[STUDY MATERIAL Boundary: Start]

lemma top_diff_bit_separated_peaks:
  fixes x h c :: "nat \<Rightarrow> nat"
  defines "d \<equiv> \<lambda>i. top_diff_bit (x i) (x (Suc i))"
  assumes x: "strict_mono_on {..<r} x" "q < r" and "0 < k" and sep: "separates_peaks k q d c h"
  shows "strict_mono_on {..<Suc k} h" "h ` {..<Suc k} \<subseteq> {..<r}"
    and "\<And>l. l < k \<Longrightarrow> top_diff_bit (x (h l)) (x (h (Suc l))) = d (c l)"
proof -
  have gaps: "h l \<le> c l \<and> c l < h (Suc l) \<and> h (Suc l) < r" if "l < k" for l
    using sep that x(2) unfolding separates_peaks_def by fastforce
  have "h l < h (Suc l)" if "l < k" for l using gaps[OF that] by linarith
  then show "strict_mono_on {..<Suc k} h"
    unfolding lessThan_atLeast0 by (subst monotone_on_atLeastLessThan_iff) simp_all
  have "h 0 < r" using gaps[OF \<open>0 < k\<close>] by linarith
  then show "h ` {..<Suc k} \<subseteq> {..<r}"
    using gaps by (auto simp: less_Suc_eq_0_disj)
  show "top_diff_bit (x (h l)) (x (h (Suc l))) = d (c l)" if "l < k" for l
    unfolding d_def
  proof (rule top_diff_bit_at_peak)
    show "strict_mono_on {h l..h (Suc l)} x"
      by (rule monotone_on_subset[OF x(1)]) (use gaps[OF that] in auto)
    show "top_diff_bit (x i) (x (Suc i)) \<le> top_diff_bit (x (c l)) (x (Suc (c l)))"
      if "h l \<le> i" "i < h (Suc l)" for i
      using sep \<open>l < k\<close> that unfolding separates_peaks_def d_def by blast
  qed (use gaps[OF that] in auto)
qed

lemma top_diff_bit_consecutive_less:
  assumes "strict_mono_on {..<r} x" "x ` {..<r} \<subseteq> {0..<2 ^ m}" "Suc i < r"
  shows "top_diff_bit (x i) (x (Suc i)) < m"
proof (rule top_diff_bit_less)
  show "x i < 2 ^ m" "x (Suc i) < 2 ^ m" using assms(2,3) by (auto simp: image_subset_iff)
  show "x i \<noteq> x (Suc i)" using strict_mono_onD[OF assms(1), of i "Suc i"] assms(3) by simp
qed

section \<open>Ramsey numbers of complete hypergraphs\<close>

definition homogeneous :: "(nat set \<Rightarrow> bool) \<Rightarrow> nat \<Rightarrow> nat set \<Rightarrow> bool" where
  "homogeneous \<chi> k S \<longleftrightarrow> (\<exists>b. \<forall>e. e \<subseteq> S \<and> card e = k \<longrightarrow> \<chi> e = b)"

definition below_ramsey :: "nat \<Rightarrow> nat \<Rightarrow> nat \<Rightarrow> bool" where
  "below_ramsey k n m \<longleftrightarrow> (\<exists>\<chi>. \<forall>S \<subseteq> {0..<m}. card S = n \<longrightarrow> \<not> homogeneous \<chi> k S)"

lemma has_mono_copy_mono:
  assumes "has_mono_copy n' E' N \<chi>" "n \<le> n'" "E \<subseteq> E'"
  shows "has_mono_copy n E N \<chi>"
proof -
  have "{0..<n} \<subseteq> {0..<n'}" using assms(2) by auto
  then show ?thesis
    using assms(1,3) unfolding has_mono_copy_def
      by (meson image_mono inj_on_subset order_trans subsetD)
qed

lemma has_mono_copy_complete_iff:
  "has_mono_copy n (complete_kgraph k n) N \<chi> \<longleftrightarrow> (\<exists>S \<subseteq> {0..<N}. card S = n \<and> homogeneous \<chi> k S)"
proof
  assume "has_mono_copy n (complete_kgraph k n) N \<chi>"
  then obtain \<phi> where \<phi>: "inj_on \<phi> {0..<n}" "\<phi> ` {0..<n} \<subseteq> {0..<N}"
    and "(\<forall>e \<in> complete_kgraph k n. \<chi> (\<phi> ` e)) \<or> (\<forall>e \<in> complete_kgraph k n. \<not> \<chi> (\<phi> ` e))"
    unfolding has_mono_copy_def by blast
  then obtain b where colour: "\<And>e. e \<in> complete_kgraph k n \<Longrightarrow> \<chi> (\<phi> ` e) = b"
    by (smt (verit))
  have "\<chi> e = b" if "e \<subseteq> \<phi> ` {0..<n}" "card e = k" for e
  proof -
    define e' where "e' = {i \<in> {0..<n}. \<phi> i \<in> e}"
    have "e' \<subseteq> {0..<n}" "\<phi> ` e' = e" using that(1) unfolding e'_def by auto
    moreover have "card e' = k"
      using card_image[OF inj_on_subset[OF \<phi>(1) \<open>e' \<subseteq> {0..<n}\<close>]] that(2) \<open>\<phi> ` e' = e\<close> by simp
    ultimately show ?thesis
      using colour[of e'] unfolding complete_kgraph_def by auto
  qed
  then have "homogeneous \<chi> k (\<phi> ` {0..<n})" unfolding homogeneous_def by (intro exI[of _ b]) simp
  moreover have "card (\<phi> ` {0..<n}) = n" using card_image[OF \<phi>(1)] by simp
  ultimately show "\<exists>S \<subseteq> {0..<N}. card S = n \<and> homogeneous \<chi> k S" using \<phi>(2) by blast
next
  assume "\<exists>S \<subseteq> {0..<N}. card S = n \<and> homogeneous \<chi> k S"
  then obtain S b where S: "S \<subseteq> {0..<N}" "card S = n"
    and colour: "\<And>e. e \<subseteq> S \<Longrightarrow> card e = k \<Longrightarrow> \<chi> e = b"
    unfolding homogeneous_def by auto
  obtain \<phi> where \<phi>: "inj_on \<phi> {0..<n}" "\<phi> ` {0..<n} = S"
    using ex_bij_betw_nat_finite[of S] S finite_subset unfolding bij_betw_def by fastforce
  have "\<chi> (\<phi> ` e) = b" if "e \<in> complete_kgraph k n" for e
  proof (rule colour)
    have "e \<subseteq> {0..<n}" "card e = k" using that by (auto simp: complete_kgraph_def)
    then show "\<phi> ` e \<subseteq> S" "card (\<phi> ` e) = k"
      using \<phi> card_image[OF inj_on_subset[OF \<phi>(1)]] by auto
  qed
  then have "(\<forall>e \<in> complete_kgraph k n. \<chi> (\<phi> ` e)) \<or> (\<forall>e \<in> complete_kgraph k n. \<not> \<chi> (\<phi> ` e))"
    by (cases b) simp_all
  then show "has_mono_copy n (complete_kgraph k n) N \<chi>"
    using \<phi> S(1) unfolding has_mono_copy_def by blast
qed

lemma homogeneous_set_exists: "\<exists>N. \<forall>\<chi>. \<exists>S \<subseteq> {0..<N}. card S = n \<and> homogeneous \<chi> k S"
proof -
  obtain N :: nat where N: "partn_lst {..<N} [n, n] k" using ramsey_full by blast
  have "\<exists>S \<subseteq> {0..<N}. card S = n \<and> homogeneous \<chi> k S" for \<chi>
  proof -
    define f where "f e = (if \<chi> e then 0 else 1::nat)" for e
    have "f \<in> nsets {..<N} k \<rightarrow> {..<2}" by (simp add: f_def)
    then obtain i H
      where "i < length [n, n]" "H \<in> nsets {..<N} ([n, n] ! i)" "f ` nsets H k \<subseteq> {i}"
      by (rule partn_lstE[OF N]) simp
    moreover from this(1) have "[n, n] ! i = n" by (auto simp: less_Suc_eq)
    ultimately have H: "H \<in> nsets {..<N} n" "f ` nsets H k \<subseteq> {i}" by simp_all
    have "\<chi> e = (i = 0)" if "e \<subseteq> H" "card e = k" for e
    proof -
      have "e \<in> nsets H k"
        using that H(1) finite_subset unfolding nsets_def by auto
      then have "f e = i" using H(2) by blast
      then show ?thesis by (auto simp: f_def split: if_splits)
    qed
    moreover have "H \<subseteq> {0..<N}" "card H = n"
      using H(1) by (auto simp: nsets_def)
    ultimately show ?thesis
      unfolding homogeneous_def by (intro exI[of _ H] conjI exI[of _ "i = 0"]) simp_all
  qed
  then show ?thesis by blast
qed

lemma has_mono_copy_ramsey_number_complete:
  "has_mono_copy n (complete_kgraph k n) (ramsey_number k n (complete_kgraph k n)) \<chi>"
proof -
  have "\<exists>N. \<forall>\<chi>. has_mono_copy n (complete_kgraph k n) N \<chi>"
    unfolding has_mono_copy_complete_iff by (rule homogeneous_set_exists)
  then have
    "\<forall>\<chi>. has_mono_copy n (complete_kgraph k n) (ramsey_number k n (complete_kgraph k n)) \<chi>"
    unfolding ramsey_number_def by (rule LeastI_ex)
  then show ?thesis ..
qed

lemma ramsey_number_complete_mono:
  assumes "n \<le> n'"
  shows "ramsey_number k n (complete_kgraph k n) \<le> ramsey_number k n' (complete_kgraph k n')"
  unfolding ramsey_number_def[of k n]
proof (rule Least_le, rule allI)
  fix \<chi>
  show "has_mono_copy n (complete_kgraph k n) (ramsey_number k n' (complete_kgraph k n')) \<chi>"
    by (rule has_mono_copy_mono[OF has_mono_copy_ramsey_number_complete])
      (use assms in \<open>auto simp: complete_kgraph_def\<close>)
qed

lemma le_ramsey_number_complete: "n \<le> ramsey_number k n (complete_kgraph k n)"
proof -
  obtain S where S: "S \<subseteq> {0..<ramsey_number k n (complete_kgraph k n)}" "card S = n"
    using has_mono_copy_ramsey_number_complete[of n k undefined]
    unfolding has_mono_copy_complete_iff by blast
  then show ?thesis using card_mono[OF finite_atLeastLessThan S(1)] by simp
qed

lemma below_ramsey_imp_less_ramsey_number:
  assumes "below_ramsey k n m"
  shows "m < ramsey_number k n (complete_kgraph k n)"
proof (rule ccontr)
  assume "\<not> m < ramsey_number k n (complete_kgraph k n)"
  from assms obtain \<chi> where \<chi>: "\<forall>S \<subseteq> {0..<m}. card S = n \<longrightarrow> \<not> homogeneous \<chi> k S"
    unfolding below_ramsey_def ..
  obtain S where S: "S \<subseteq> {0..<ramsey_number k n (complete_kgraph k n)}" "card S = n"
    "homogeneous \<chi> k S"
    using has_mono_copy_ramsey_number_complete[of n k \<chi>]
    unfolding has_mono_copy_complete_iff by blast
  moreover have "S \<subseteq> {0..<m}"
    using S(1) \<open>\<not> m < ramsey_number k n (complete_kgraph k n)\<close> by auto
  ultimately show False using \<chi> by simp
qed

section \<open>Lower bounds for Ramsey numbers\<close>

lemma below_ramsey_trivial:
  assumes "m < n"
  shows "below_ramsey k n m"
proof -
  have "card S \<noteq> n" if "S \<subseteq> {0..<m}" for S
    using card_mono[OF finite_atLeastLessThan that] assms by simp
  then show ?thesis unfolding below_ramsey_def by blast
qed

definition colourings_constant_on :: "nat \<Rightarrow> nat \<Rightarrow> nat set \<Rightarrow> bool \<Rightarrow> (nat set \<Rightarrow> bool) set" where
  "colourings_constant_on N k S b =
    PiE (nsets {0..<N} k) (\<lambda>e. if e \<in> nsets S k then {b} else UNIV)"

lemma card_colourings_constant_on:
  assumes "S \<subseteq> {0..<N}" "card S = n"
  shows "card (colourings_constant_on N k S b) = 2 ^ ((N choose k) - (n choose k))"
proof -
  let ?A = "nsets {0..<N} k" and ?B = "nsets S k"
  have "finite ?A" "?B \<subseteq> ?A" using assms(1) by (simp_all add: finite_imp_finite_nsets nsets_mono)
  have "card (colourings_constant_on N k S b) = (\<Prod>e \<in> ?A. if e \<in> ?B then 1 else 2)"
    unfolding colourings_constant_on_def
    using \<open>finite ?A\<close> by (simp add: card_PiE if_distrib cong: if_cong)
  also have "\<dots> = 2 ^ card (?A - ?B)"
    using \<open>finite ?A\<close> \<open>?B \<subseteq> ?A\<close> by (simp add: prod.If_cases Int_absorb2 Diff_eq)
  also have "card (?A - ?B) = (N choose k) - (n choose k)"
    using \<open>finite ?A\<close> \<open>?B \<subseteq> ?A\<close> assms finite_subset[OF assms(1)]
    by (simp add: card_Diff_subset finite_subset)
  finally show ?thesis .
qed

[STUDY MATERIAL Boundary: End]
[STUDY MATERIAL Boundary: Start]

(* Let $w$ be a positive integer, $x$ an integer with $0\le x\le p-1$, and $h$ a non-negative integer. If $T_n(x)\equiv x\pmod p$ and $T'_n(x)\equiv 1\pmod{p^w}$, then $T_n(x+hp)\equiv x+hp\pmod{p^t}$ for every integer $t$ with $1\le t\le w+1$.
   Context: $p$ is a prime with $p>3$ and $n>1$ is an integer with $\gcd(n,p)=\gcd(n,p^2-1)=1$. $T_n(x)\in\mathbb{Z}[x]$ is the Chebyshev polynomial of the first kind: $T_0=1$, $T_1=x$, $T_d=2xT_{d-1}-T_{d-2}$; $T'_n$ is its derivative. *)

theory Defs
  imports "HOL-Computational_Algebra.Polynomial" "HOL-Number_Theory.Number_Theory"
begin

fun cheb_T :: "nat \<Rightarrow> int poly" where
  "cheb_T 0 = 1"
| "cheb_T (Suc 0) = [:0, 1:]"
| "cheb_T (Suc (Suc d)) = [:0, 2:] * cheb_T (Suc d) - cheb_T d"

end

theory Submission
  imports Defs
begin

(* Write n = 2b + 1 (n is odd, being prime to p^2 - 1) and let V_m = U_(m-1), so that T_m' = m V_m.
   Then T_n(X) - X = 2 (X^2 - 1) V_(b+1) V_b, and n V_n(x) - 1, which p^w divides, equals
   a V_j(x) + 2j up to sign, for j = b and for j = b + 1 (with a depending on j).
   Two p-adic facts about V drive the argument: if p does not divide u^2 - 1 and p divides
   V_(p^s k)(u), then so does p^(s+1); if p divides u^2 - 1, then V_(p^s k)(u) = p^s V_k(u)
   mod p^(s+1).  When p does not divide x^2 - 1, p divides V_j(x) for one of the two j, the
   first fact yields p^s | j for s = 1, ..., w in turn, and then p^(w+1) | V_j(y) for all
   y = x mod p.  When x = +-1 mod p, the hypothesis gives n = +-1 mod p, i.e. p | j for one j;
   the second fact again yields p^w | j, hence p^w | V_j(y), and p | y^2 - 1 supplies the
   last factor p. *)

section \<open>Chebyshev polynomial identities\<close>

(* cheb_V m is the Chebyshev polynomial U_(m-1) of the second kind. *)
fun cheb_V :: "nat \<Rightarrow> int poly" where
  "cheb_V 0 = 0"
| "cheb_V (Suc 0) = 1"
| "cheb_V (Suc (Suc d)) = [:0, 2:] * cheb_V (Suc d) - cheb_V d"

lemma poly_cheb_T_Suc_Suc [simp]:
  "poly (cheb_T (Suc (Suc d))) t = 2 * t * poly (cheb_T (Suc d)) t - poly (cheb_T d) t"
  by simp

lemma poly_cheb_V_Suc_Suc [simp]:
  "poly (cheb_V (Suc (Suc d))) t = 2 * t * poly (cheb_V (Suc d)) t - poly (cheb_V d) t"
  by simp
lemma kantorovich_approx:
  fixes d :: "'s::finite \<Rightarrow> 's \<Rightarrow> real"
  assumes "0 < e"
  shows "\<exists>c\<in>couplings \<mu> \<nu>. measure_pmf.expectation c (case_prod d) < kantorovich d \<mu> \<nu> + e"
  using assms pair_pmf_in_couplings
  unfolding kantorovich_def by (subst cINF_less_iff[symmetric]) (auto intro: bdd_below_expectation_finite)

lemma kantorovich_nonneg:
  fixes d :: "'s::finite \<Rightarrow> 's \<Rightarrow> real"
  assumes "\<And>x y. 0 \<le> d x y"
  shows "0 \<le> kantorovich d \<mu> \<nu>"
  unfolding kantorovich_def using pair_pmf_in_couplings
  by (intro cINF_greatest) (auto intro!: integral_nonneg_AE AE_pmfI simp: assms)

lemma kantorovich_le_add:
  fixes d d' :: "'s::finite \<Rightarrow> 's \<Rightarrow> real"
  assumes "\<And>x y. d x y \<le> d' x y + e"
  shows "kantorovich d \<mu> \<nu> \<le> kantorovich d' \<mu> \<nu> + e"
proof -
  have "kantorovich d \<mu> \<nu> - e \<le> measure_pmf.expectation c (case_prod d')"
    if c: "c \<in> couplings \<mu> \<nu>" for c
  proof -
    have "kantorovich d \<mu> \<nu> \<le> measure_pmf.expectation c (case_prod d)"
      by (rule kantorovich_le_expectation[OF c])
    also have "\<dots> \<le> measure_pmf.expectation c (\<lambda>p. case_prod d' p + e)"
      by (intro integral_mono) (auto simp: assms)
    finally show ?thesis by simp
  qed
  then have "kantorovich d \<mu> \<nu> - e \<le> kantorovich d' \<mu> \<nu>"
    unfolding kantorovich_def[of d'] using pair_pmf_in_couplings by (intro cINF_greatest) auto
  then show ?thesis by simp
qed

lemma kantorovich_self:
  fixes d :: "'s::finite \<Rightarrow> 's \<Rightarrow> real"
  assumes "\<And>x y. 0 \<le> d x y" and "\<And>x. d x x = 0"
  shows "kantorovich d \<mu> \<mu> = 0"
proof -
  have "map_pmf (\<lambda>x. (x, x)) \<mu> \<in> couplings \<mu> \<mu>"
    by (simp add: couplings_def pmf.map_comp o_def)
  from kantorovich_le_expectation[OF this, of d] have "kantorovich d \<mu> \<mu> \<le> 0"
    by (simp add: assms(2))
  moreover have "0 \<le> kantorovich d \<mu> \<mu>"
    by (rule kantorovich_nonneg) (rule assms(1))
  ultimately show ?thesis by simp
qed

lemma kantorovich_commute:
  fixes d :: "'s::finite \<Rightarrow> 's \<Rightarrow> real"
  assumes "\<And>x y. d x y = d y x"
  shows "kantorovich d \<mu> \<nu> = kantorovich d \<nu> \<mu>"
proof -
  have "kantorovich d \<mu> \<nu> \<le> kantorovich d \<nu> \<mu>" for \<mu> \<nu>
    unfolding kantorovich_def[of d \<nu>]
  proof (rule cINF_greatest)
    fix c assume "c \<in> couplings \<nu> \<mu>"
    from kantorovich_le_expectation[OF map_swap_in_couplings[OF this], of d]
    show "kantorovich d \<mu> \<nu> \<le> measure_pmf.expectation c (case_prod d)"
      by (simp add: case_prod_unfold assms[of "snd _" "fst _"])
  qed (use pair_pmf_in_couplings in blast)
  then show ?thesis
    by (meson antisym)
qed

[STUDY MATERIAL Boundary: End]

Your reply is to repeat, unchanged, the lines above running from the one with "k\<close>] by linarith" up to and including the one with "unfolding d_def".

- **THE COMPLETED TASK**
  have "h 0 < r" using gaps[OF \<open>0 < k\<close>] by linarith
  then show "h ` {..<Suc k} \<subseteq> {..<r}"
    using gaps by (auto simp: less_Suc_eq_0_disj)
  show "top_diff_bit (x (h l)) (x (h (Suc l))) = d (c l)" if "l < k" for l
    unfolding d_def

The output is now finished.